I have always been passionate about Haematology care as I find this area of work very fulfilling and rewarding. I carry so many experiences and positive patient feedback on my back since I started my career and my aim is to keep working to make the difference for the patients I look after. My first steps as a staff nurse within Haematology were in C10 ward at CUH (Cambridge University Hospitals), where I gained new skills and learned so much thanks to my supportive manager and the lovely colleagues I had through those years.

After a few years as a staff nurse I had to move to London temporarily to continue working within my speciality as a junior sister, and still, today I can say that thanks to this experience I was able to learn more about management and leadership, innovative Car T cell and bone marrow transplant treatments used in the specialised ward I was working at that moment while I gained valuable experience with various patients and colleagues from different backgrounds.
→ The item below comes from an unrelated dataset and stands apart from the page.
(* Let $D$ be a CAEXT derivation ending in a configuration $C\neq\mathsf{unsat}$. Then in $C$, for all array terms $a$ and constant array terms $\langle v\rangle$: (i) if $C$ is obtained by applying a non-conflict rule to a configuration $C'$ and $I(a,\langle v\rangle)\neq()$ in $C'$, then both $I(a,\langle v\rangle)$ and its depth $|I(a,\langle v\rangle)|$ are the same in $C$ as in $C'$; (ii) $I(a,\langle v\rangle)$ is well defined (its defining recursion terminates); (iii) $|I(a,\langle v\rangle)|$ is finite; (iv) $I(a,\langle v\rangle)=()$ if and only if $\pi(a,\langle v\rangle)=()$.
   Context: Theory. Many-sorted first-order logic with equality. There is an index sort $\sigma$, an element sort $\tau$, and an array sort $(\sigma\to\tau)$, with function symbols: read $a[i]$, write $a\langle i\triangleleft u\rangle$, and constant array $\langle v\rangle$. The empty theory treats all these symbols (and the array sort) as uninterpreted. $T(A)$ is the set of terms occurring in $A$, $T_{\mathcal A}(A)$ the set of array terms in $A$, and $W(A)=\{a\langle i\triangleleft u\rangle[i]\approx u \mid a\langle i\triangleleft u\rangle\in T(A)\}$. Configurations. A configuration is either $\mathsf{unsat}$ or a triple $\langle A,\mathcal I,\pi\rangle$ where $A$ is a set of formulas (with flat literals), $\mathcal I$ is either $\mathcal I_0=\mathsf{none}$ or an interpretation in the empty theory satisfying $A$, and $\pi$ maps pairs $(a,t)$ ($a$ an array term, $t$ a read term $b[i]$ or a constant array term $\langle v\rangle$) to either the undefined value $()$ or a pair $(r,c)$ with $r$ a formula and $c$ an array term. $\pi_0$ maps every pair to $()$; the initial configuration for $A$ is $\langle A,\mathcal I_0,\pi_0\rangle$. Reasons. $\mathcal R(a,t)=()$ if $\pi(a,t)=()$; otherwise $\mathcal R(a,t)=\top$ if $t=a$ or $t=a[i]$ for some $i$; otherwise $\mathcal R(a,t)=\mathcal R(c,t)\wedge r$ where $\pi(a,t)=(r,c)$. Updated indices and depth: $I(a,\langle v\rangle)=()$ and $|I(a,\langle v\rangle)|=0$ if $\pi(a,\langle v\rangle)=()$; $I(a,\langle v\rangle)=\emptyset$ and $|I(a,\langle v\rangle)|=1$ if $a=\langle v\rangle$; $I(a,\langle v\rangle)=I(b,\langle v\rangle)\cup\{j\}$ and $|I(a,\langle v\rangle)|=1+|I(b,\langle v\rangle)|$ if $\pi(a,\langle v\rangle)=(\top,b)$ with $b=a\langle j\triangleleft u\rangle$ or $a=b\langle j\triangleleft u\rangle$ for some $u$; otherwise $I(a,\langle v\rangle)=I(c,\langle v\rangle)$ and $|I(a,\langle v\rangle)|=1+|I(c,\langle v\rangle)|$ where $\pi(a,\langle v\rangle)=(r,c)$. "$\mathcal I\models\varphi$" refers to the current $\mathcal I$ (empty theory); such premises require $\mathcal I\ne\mathcal I_0$. "Reset" means $(\mathcal I,\pi):=(\mathcal I_0,\pi_0)$. Rules of CAEXT: Interp: if $\mathcal I=\mathcal I_0$ and $\mathcal I'\models A\cup W(A)$ in the empty theory, set $\mathcal I:=\mathcal I'$. Conf: if $A\cup W(A)$ is empty-theory unsatisfiable, derive $\mathsf{unsat}$. InitR: $a[i]\in T(A)$ ⟹ $\pi(a,a[i]):=(\top,a)$. InitW: $s=a\langle i\triangleleft u\rangle\in T(A)$ ⟹ $\pi(s,s[i]):=(\top,s)$. RowD: $\mathcal I\models i\not\approx j$, $\pi(a\langle j\triangleleft u\rangle,b[i])\ne()$, $\pi(a,b[i])=()$ ⟹ $\pi(a,b[i]):=(i\not\approx j,a\langle j\triangleleft u\rangle)$. RowU: $\mathcal I\models i\not\approx j$, $a\langle j\triangleleft u\rangle\in T(A)$, $\pi(a,b[i])\ne()$, $\pi(a\langle j\triangleleft u\rangle,b[i])=()$ ⟹ $\pi(a\langle j\triangleleft u\rangle,b[i]):=(i\not\approx j,a)$. EqR: $\mathcal I\models a\approx c$, $a,c\in T_{\mathcal A}(A)$, $a\approx c\in T(A)$, $\pi(a,b[i])\ne()$, $\pi(c,b[i])=()$ ⟹ $\pi(c,b[i]):=(a\approx c,a)$. EqL: symmetric, $\pi(a,b[i]):=(a\approx c,c)$. CongR: $\mathcal I\models i\approx k$, $\pi(a,b[i])\ne()$, $\pi(a,c[k])\ne()$, $\mathcal I\models b[i]\not\approx c[k]$ ⟹ add $\mathcal R(a,b[i])\wedge\mathcal R(a,c[k])\wedge i\approx k\Rightarrow b[i]\approx c[k]$ to $A$, reset. DisEq: $\mathcal I\models a\not\approx c$, $a,c\in T_{\mathcal A}(A)$, $a\approx c\in T(A)$, $k_{\{a,c\}}\notin T(A)$ ⟹ add $a\not\approx c\Rightarrow a[k_{\{a,c\}}]\not\approx c[k_{\{a,c\}}]$ (fresh index constant $k_{\{a,c\}}$), reset. Roc: $\pi(\langle v\rangle,b[i])\ne()$, $\mathcal I\models b[i]\not\approx v$ ⟹ add $\mathcal R(\langle v\rangle,b[i])\Rightarrow b[i]\approx v$, reset. InitC: $\langle v\rangle\in T(A)$ ⟹ $\pi(\langle v\rangle,\langle v\rangle):=(\top,\langle v\rangle)$. CowD: $\pi(a\langle j\triangleleft u\rangle,\langle v\rangle)\ne()$, $\pi(a,\langle v\rangle)=()$, $\mathcal I\models\exists i{:}\sigma.\bigwedge_{k\in I(a\langle j\triangleleft u\rangle,\langle v\rangle)\cup\{j\}}i\not\approx k$ ⟹ $\pi(a,\langle v\rangle):=(\top,a\langle j\triangleleft u\rangle)$. CowU: $\pi(a,\langle v\rangle)\ne()$, $\pi(a\langle j\triangleleft u\rangle,\langle v\rangle)=()$, $a\langle j\triangleleft u\rangle\in T(A)$, $\mathcal I\models\exists i{:}\sigma.\bigwedge_{k\in I(a,\langle v\rangle)\cup\{j\}}i\not\approx k$ ⟹ $\pi(a\langle j\triangleleft u\rangle,\langle v\rangle):=(\top,a)$. CEqR: $\mathcal I\models a\approx c$, $a,c\in T_{\mathcal A}(A)$, $a\approx c\in T(A)$, $\pi(a,\langle v\rangle)\ne()$, $\pi(c,\langle v\rangle)=()$ ⟹ $\pi(c,\langle v\rangle):=(a\approx c,a)$. CEqL: symmetric, $\pi(a,\langle v\rangle):=(a\approx c,c)$. CongC: $\pi(a,\langle v\rangle)\ne()$, $\pi(a,\langle w\rangle)\ne()$, $\mathcal I\models v\not\approx w$, $\mathcal I\models\exists i{:}\sigma.\bigwedge_{k\in I(a,\langle v\rangle)\cup I(a,\langle w\rangle)}i\not\approx k$ ⟹ add $\mathcal R(a,\langle v\rangle)\wedge\mathcal R(a,\langle w\rangle)\wedge\exists i{:}\sigma.\bigwedge_{k\in I(a,\langle v\rangle)\cup I(a,\langle w\rangle)}i\not\approx k\Rightarrow v\approx w$, reset. Conflict rules: CongR, DisEq, Roc, CongC; all other rules are non-conflict rules. A derivation is a sequence of configurations starting from an initial configuration, each obtained from the previous by a rule application. *)

theory Defs
  imports Main "HOL-Library.FSet"
begin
After this short period of time outside of Cambridge, I decided to apply for a job at CUH again this year, as I missed the Trust and my colleagues greatly, and this time, I came back as a senior nurse in the role I have nowadays. In January 2022 I re-joined CUH as a Senior Sister in L5 Haematology ward, and I couldn’t be more proud of our achievements at the ward since then.

Nova Quian – Matron

I came to UK on winter of 2000. I have been a nurse in the Philippines for 9 years. I started as a C grade (Band 3/OSCE) in the dialysis unit on site. I received my NMC registration after 6 months.

I always wanted to be a nurse, there’s nothing in this world that I would rather be. I enjoy working with people and sharing my experienced. I love listening to people too, I love hearing stories, whether it’s happy, sad or exciting stories.

I am passionate in helping people, I get more job satisfaction when I work closely with my staff in looking after patients in the ward. Staff look up to their matrons, one staff member recently have told me that I was the one who encouraged her to become a nurse apprentice, she will be a qualified nurse next month.

She sent me a letter saying how grateful she was when we met in the ward and when we worked together in giving personal care to our older patients. It has opened her eyes and had a better understanding that as a nurse we are always ready to provide care to our patients even when we are in a senior nursing role. This is the biggest encouragement she has as a HCSW.

What advice would you give to someone who is starting their nursing career journey?

  • Be inquisitive and ask questions.
  • Always use reflection to be a better nurse and a better person.
  • Read and learn from your experience
  • Be always ready for feedback and criticism but do not let people abuse your kindness. Stand up for yourself with humility
  • Enjoy what you do
  • Speak to people around you in a courteous way, be kind to yourself and to people around you. It will take you a long way.
  • Treat every people all the same.